START GIVEN ENTRIES

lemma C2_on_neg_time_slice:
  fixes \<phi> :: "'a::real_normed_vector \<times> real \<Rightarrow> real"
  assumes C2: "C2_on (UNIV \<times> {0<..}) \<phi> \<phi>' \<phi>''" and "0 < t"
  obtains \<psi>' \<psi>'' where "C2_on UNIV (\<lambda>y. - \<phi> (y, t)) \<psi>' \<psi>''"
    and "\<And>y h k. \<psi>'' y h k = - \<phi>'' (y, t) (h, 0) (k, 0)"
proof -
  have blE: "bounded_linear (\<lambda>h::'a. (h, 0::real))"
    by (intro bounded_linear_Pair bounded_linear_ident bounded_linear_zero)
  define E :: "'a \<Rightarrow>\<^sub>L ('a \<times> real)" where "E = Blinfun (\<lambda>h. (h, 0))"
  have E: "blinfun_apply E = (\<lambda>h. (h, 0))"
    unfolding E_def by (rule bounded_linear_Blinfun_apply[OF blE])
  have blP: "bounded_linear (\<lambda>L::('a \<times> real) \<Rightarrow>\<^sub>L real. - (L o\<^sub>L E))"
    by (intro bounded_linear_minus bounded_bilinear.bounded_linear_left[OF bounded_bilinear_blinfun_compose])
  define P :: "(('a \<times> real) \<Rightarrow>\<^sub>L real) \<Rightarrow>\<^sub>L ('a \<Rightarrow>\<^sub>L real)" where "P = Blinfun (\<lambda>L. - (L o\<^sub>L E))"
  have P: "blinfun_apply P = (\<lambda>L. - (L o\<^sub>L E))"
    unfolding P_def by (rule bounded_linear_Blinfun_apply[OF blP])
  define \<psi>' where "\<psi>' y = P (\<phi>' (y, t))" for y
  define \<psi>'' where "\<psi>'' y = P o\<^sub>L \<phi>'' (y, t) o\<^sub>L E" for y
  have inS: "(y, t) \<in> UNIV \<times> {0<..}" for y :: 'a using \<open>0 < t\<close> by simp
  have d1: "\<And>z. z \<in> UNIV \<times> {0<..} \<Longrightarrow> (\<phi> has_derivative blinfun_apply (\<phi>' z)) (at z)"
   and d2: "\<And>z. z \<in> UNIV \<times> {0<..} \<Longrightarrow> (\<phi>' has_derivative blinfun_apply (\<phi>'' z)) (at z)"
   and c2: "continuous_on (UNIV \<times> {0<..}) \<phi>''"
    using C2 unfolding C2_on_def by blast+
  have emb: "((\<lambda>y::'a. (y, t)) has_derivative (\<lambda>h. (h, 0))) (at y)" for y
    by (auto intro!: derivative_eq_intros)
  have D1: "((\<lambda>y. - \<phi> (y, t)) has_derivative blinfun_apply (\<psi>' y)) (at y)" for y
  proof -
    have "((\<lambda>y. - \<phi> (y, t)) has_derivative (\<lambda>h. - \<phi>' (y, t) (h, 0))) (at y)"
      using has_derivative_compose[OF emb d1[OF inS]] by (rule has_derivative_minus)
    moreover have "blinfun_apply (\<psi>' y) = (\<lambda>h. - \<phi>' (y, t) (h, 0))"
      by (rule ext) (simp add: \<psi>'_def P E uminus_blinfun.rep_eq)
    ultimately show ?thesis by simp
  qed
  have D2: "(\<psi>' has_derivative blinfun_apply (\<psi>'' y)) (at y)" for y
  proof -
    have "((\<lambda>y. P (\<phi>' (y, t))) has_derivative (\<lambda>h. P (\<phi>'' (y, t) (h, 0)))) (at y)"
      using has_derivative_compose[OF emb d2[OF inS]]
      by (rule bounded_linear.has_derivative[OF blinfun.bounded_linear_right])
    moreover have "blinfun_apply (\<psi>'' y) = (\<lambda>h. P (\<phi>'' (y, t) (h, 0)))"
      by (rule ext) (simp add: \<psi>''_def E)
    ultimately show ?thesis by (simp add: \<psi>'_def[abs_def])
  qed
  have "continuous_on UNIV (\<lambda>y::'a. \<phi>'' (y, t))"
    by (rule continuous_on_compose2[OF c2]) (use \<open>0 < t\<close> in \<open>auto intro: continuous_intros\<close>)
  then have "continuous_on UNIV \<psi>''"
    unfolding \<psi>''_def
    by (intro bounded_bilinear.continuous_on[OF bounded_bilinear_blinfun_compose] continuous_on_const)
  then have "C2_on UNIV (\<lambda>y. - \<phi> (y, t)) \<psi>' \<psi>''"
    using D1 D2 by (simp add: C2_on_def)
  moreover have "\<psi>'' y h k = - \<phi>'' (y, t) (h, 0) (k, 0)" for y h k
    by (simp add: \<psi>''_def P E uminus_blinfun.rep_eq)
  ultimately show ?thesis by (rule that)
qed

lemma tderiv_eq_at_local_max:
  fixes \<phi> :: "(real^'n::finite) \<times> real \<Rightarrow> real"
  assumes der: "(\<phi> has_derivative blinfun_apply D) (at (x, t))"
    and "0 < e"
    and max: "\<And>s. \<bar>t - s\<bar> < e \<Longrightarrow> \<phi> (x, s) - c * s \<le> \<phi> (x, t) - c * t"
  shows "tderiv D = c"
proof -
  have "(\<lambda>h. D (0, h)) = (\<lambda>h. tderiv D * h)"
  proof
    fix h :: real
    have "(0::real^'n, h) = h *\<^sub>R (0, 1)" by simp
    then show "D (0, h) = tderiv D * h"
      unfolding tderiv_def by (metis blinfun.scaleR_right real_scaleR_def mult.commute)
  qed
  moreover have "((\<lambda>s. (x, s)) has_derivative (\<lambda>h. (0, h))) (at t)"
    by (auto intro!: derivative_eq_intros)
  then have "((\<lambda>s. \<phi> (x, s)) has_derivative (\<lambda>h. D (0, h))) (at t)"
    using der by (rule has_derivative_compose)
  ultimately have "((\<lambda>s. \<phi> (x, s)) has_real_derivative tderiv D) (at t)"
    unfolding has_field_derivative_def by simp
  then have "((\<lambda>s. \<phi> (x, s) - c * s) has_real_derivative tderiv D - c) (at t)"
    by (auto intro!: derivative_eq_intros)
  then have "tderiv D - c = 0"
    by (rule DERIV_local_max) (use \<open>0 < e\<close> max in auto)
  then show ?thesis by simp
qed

END GIVEN ENTRIES

Go line by line through the material above and return each one that includes "lemma".

lemma C2_on_neg_time_slice:
lemma tderiv_eq_at_local_max:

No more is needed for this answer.